Es tal el contraste, que en el desarrollo del viaje de este grupo de amigos a una comunidad sueca perdida, hay un componente creciente de humor negro, de risa nerviosa, en lo que vemos como una secuencia de tradiciones, a cada cual más loca y extravagante, pero que encuentra en el choque cultural una sardónica tortura misántropa que nos produce una hilaridad totalmente perversa. Sin embargo, Aster no juega con el sentido del humor de forma muy distinta a como lo solía hacer Tobe Hooper y no descuida el efecto de sus imágenes más macabras. Como un teatro siniestro acotado por sus limitaciones autoimpuestas, al estilo de un Dogville (2003) salido de madre o un El Bosque (2004) de pesadilla, Midsommar aprovecha su emplazamiento para variar ciertos elementos estructurales de la localización y reubicar cada nueva fase, cada día más extraña, a base de diseño de producción. Todo lo que vemos y oímos tiene un efecto desnaturalizante. Desde las canciones que se cantan sin motivo aparente, los bailes en segundo o tercer plano a los cíclicos llantos de bebé nocturnos, todo está colocado de forma estratégica para taladrar la fina capa de la cordura de algunos personajes, y del espectador.
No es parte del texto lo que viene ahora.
(* Let $m_{11},m_{12},m_{13},l_1,l_2\in k$ with $(m_{11},m_{12},m_{13})\neq0$, $m_{12}l_1^2+m_{13}l_2^2=m_{11}$, $l_1=0$ and $l_2\neq0$, and let $M=\begin{pmatrix}m_{11}&m_{12}&m_{13}\\ l_1m_{11}&l_1m_{12}&l_1m_{13}\\ l_2m_{11}&l_2m_{12}&l_2m_{13}\end{pmatrix}$. Then: (1) if $m_{12}\neq0$ and $m_{13}\neq0$, then $\mathcal{A}_{\mathcal{O}_{-1}(k^3)}(M)\cong\mathcal{A}_{\mathcal{O}_{-1}(k^3)}(E_{11}+E_{12}+E_{13}+E_{31}+E_{32}+E_{33})$; (2) if $m_{12}=0$ and $m_{13}\neq0$, then $\mathcal{A}_{\mathcal{O}_{-1}(k^3)}(M)\cong\mathcal{A}_{\mathcal{O}_{-1}(k^3)}(E_{11}+E_{13}+E_{31}+E_{33})$; (3) if $m_{12}\neq0$ and $m_{13}=0$, then $\mathcal{A}_{\mathcal{O}_{-1}(k^3)}(M)\cong\mathcal{A}_{\mathcal{O}_{-1}(k^3)}(E_{12}+E_{32})$.
   Context: $k$ is an algebraically closed field of characteristic zero. $E_{ij}$ denotes the $3\times3$ matrix unit with $1$ in position $(i,j)$. For $M=(m_{ij})\in M_3(k)$, $\mathcal{A}_{\mathcal{O}_{-1}(k^3)}(M)$ is the connected cochain DG algebra whose underlying graded algebra is generated by degree-one $x_1,x_2,x_3$ subject to $x_ix_j=-x_jx_i$ ($i<j$), with differential determined by $\partial(x_i)=\sum_j m_{ij}x_j^2$ and the Leibniz rule; $\cong$ means isomorphism of DG algebras. *)

theory Defs
  imports "HOL-Computational_Algebra.Polynomial"
begin

text \<open>Concrete model of the skew polynomial algebra O_{-1}(k^3) = k<x1,x2,x3>/(xi xj + xj xi, i<j),
  via its PBW basis of ordered monomials x1^a1 x2^a2 x3^a3 (indexed by exponent triples).\<close>

type_synonym 'k skp = "nat \<times> nat \<times> nat \<Rightarrow> 'k"

definition skcarrier :: "'k::field skp set" where
  "skcarrier = {p. finite {m. p m \<noteq> 0}}"

text \<open>(x1^a1 x2^a2 x3^a3)(x1^b1 x2^b2 x3^b3) = (-1)^(b1(a2+a3)+b2 a3) x1^(a1+b1) x2^(a2+b2) x3^(a3+b3)\<close>
definition skmul :: "'k::field skp \<Rightarrow> 'k skp \<Rightarrow> 'k skp" where
  "skmul p q = (\<lambda>(m1, m2, m3).
     \<Sum>(a1, a2, a3) \<in> {0..m1} \<times> {0..m2} \<times> {0..m3}.
       (-1) ^ ((m1 - a1) * (a2 + a3) + (m2 - a2) * a3) * p (a1, a2, a3) * q (m1 - a1, m2 - a2, m3 - a3))"

definition skadd :: "'k::field skp \<Rightarrow> 'k skp \<Rightarrow> 'k skp" where
  "skadd p q = (\<lambda>m. p m + q m)"

definition sksmult :: "'k::field \<Rightarrow> 'k skp \<Rightarrow> 'k skp" where
  "sksmult c p = (\<lambda>m. c * p m)"

definition skone :: "'k::field skp" where
  "skone = (\<lambda>m. if m = (0, 0, 0) then 1 else 0)"

definition skgen :: "nat \<Rightarrow> 'k::field skp" where
  "skgen i = (\<lambda>m. if m = (if i = 1 then (1, 0, 0) else if i = 2 then (0, 1, 0) else (0, 0, 1))
                  then 1 else 0)"

definition mdeg :: "nat \<times> nat \<times> nat \<Rightarrow> nat" where
  "mdeg m = (case m of (a, b, c) \<Rightarrow> a + b + c)"

definition homog :: "nat \<Rightarrow> 'k::field skp \<Rightarrow> bool" where
  "homog n p \<longleftrightarrow> p \<in> skcarrier \<and> (\<forall>m. p m \<noteq> 0 \<longrightarrow> mdeg m = n)"

definition mat3 :: "'k \<Rightarrow> 'k \<Rightarrow> 'k \<Rightarrow> 'k \<Rightarrow> 'k \<Rightarrow> 'k \<Rightarrow> 'k \<Rightarrow> 'k \<Rightarrow> 'k \<Rightarrow> nat \<Rightarrow> nat \<Rightarrow> 'k::zero" where
  "mat3 a11 a12 a13 a21 a22 a23 a31 a32 a33 = (\<lambda>i j.
     if i = 1 then (if j = 1 then a11 else if j = 2 then a12 else if j = 3 then a13 else 0)
     else if i = 2 then (if j = 1 then a21 else if j = 2 then a22 else if j = 3 then a23 else 0)
     else if i = 3 then (if j = 1 then a31 else if j = 2 then a32 else if j = 3 then a33 else 0)
     else 0)"

definition is_diff :: "(nat \<Rightarrow> nat \<Rightarrow> 'k::field) \<Rightarrow> ('k skp \<Rightarrow> 'k skp) \<Rightarrow> bool" where
  "is_diff M d \<longleftrightarrow>
     (\<forall>p. p \<notin> skcarrier \<longrightarrow> d p = (\<lambda>_. 0)) \<and>
     (\<forall>p \<in> skcarrier. d p \<in> skcarrier) \<and>
     (\<forall>p \<in> skcarrier. \<forall>q \<in> skcarrier. d (skadd p q) = skadd (d p) (d q)) \<and>
     (\<forall>c. \<forall>p \<in> skcarrier. d (sksmult c p) = sksmult c (d p)) \<and>
     (\<forall>n p. homog n p \<longrightarrow> homog (Suc n) (d p)) \<and>
     (\<forall>n p q. homog n p \<longrightarrow> q \<in> skcarrier \<longrightarrow>
        d (skmul p q) = skadd (skmul (d p) q) (sksmult ((-1) ^ n) (skmul p (d q)))) \<and>
     (\<forall>i \<in> {1, 2, 3}. d (skgen i) =
        (\<lambda>m. \<Sum>j \<in> {1, 2, 3}. M i j * skmul (skgen j) (skgen j) m))"

definition dga_diff :: "(nat \<Rightarrow> nat \<Rightarrow> 'k::field) \<Rightarrow> 'k skp \<Rightarrow> 'k skp" where
  "dga_diff M = (THE d. is_diff M d)"

definition dga_iso :: "(nat \<Rightarrow> nat \<Rightarrow> 'k::field) \<Rightarrow> (nat \<Rightarrow> nat \<Rightarrow> 'k) \<Rightarrow> bool" where
  "dga_iso M N \<longleftrightarrow> (\<exists>f. bij_betw f skcarrier skcarrier \<and>
     (\<forall>p \<in> skcarrier. \<forall>q \<in> skcarrier. f (skadd p q) = skadd (f p) (f q)) \<and>
     (\<forall>c. \<forall>p \<in> skcarrier. f (sksmult c p) = sksmult c (f p)) \<and>
     (\<forall>p \<in> skcarrier. \<forall>q \<in> skcarrier. f (skmul p q) = skmul (f p) (f q)) \<and>
     f skone = skone \<and>
     (\<forall>n p. homog n p \<longrightarrow> homog n (f p)) \<and>
     (\<forall>p \<in> skcarrier. f (dga_diff M p) = dga_diff N (f p)))"

end

theory Submission
  imports Defs "HOL-Library.Product_Plus" "HOL-Library.Product_Order"
begin

text \<open>
  A diagonal change of variables x_i \<mapsto> c_i x_i (all c_i \<noteq> 0) is an automorphism of the
  graded algebra O_{-1}(k^3), and it carries the differential with matrix M to the one with
  matrix N as soon as M_ij c_j^2 = c_i N_ij. For the rank-one matrices of the theorem such
  c exist (case (1) needs a square root, hence the algebraically closed field).
  Since the differential of A(M) is defined by a description, the real work is to show that
  the description is proper: the differential is written down explicitly on the PBW monomials,
  checked to satisfy the defining properties, and shown to be unique because it is linear and
  every monomial is a product of generators.
\<close>

section \<open>Monomials\<close>

definition skmon :: "nat \<times> nat \<times> nat \<Rightarrow> 'k::field skp" where
  "skmon a = (\<lambda>m. if m = a then 1 else 0)"

fun skmul_sign :: "nat \<times> nat \<times> nat \<Rightarrow> nat \<times> nat \<times> nat \<Rightarrow> 'k::field" where
  "skmul_sign (a1, a2, a3) (b1, b2, b3) = (-1) ^ (b1 * (a2 + a3) + b2 * a3)"

lemma skmul_eq_sum:
  "skmul p q m = (\<Sum>a\<in>{0..m}. skmul_sign a (m - a) * p a * q (m - a))"
  by (cases m) (auto simp: skmul_def atLeastAtMost_prod_eq zero_prod_def intro!: sum.cong)

lemma zero_le_exponent [simp]: "(0 :: nat \<times> nat \<times> nat) \<le> a"
  by (cases a) (simp add: zero_prod_def)

lemma finite_exponent_interval [simp]: "finite {0..m :: nat \<times> nat \<times> nat}"
  by (cases m) (simp add: atLeastAtMost_prod_eq zero_prod_def)

lemma exponent_diff_le [simp]: "m - b \<le> (m :: nat \<times> nat \<times> nat)"
  by (cases m; cases b) simp

lemma skmul_skmon_left:
  "skmul (skmon a) q m = (if a \<le> m then skmul_sign a (m - a) * q (m - a) else 0)"
proof -
  have "skmul (skmon a) q m = (\<Sum>b\<in>{0..m}. if b = a then skmul_sign a (m - a) * q (m - a) else 0)"
    unfolding skmul_eq_sum skmon_def by (intro sum.cong) auto
  then show ?thesis
    by (simp add: sum.delta)
qed

lemma skmul_skmon_right:
  "skmul p (skmon b) m = (if b \<le> m then skmul_sign (m - b) b * p (m - b) else 0)"
proof -
  have "skmul p (skmon b) m =
      (\<Sum>a\<in>{0..m}. if a = m - b \<and> b \<le> m then skmul_sign a b * p a else 0)"
    unfolding skmul_eq_sum skmon_def
    by (intro sum.cong refl) (cases m; cases b; auto)
  then show ?thesis
    by (cases "b \<le> m") (simp_all add: sum.delta)
qed

lemma skmul_skmon_skmon:
  "skmul (skmon a) (skmon b) m = skmul_sign a b * (skmon (a + b) m :: 'k::field)"
  unfolding skmul_skmon_left by (cases a; cases b; cases m) (auto simp: skmon_def)

lemma skmul_sum_left:
  "finite S \<Longrightarrow> skmul (\<lambda>m. \<Sum>x\<in>S. G x m) q m = (\<Sum>x\<in>S. skmul (G x) q m)"
  unfolding skmul_eq_sum by (simp add: sum_distrib_left sum_distrib_right sum.swap[of _ S])

lemma skmul_sum_right:
  "finite S \<Longrightarrow> skmul p (\<lambda>m. \<Sum>x\<in>S. G x m) m = (\<Sum>x\<in>S. skmul p (G x) m)"
  unfolding skmul_eq_sum by (simp add: sum_distrib_left sum.swap[of _ S])

lemma skmul_scale_left: "skmul (\<lambda>m. c * p m) q m = c * skmul p q m"
  unfolding skmul_eq_sum by (simp add: sum_distrib_left ac_simps)

lemma skmul_scale_right: "skmul p (\<lambda>m. c * q m) m = c * skmul p q m"
  unfolding skmul_eq_sum by (simp add: sum_distrib_left ac_simps)

lemma skone_eq_skmon: "skone = skmon 0"
  by (simp add: skone_def skmon_def zero_prod_def)

lemma skmul_skone_left [simp]: "skmul skone p = p"
  by (rule ext) (auto simp: skone_eq_skmon skmul_skmon_left zero_prod_def)

lemma skmul_skone_right [simp]: "skmul p skone = p"
  by (rule ext) (auto simp: skone_eq_skmon skmul_skmon_right zero_prod_def)

lemma skcarrier_iff: "p \<in> skcarrier \<longleftrightarrow> finite {m. p m \<noteq> 0}"
  by (simp add: skcarrier_def)

lemma skcarrier_zero: "(\<lambda>m. 0) \<in> skcarrier"
  by (simp add: skcarrier_iff)

lemma skcarrier_skmon: "skmon a \<in> skcarrier"
  unfolding skcarrier_iff skmon_def by (rule finite_subset[of _ "{a}"]) auto

lemma skcarrier_scale: "p \<in> skcarrier \<Longrightarrow> (\<lambda>m. c * p m) \<in> skcarrier"
  unfolding skcarrier_iff by (rule finite_subset[rotated]) auto

lemma skcarrier_add: "p \<in> skcarrier \<Longrightarrow> q \<in> skcarrier \<Longrightarrow> (\<lambda>m. p m + q m) \<in> skcarrier"
  unfolding skcarrier_iff by (rule finite_subset[of _ "{m. p m \<noteq> 0} \<union> {m. q m \<noteq> 0}"]) auto

lemma skcarrier_sum:
  assumes "finite S" and "\<And>x. x \<in> S \<Longrightarrow> G x \<in> skcarrier"
  shows "(\<lambda>m. \<Sum>x\<in>S. G x m) \<in> skcarrier"
proof -
  have "{m. (\<Sum>x\<in>S. G x m) \<noteq> 0} \<subseteq> (\<Union>x\<in>S. {m. G x m \<noteq> 0})"
    by (auto intro: sum.neutral)
  moreover have "finite (\<Union>x\<in>S. {m. G x m \<noteq> 0})"
    using assms by (auto simp: skcarrier_iff)
  ultimately show ?thesis
    by (auto simp: skcarrier_iff intro: finite_subset)
qed

lemma skmon_expansion:
  assumes "p \<in> skcarrier"
  shows "(\<lambda>m. \<Sum>a | p a \<noteq> 0. p a * skmon a m) = p"
proof
  fix m
  have "(\<Sum>a | p a \<noteq> 0. p a * skmon a m) = (\<Sum>a | p a \<noteq> 0. if a = m then p a else 0)"
    by (intro sum.cong) (auto simp: skmon_def)
  also have "\<dots> = p m"
    using assms by (simp add: sum.delta' skcarrier_iff)
  finally show "(\<Sum>a | p a \<noteq> 0. p a * skmon a m) = p m" .
qed

definition sklinear :: "('k::field skp \<Rightarrow> 'k skp) \<Rightarrow> bool" where
  "sklinear L \<longleftrightarrow>
     (\<forall>p \<in> skcarrier. \<forall>q \<in> skcarrier. L (skadd p q) = skadd (L p) (L q)) \<and>
     (\<forall>c. \<forall>p \<in> skcarrier. L (sksmult c p) = sksmult c (L p))"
Es probable que Aster decida abandonar el terror por un tiempo, pero con momentos como el que abre antes de los créditos, en el que es capaz de convertir un suceso sin nada sobrenatural ni elementos externos de amenaza en la secuencia más perturbadora, traumática y grotesca del año, no es descabellado hablar de un maestro del género que, con solo dos películas ha creado una dupla arrolladora de profunda personalidad y valor de revisionado. Puede que Midsommar esté por debajo de Hereditary, en cuanto a que se centra, expande y recicla alguno de los hallazgos de aquella sin su medido juego de expectativas, sorpresas y enigmas, pero funciona como un complemento luminoso de aquella, que representaba al lado gótico, oscuro y fantástico del género. En esta también vemos pesadillas, momentos lisérgicos y oníricos, pero está más centrada en horrores terrenales funcionando como un complemento y otra cara de la moneda en forma de cuento de hadas adulto, oscuro y moderno, que convierte el proceso de una ruptura sentimental en un auténtico ritual iconoclasta, degenerado y mordaz.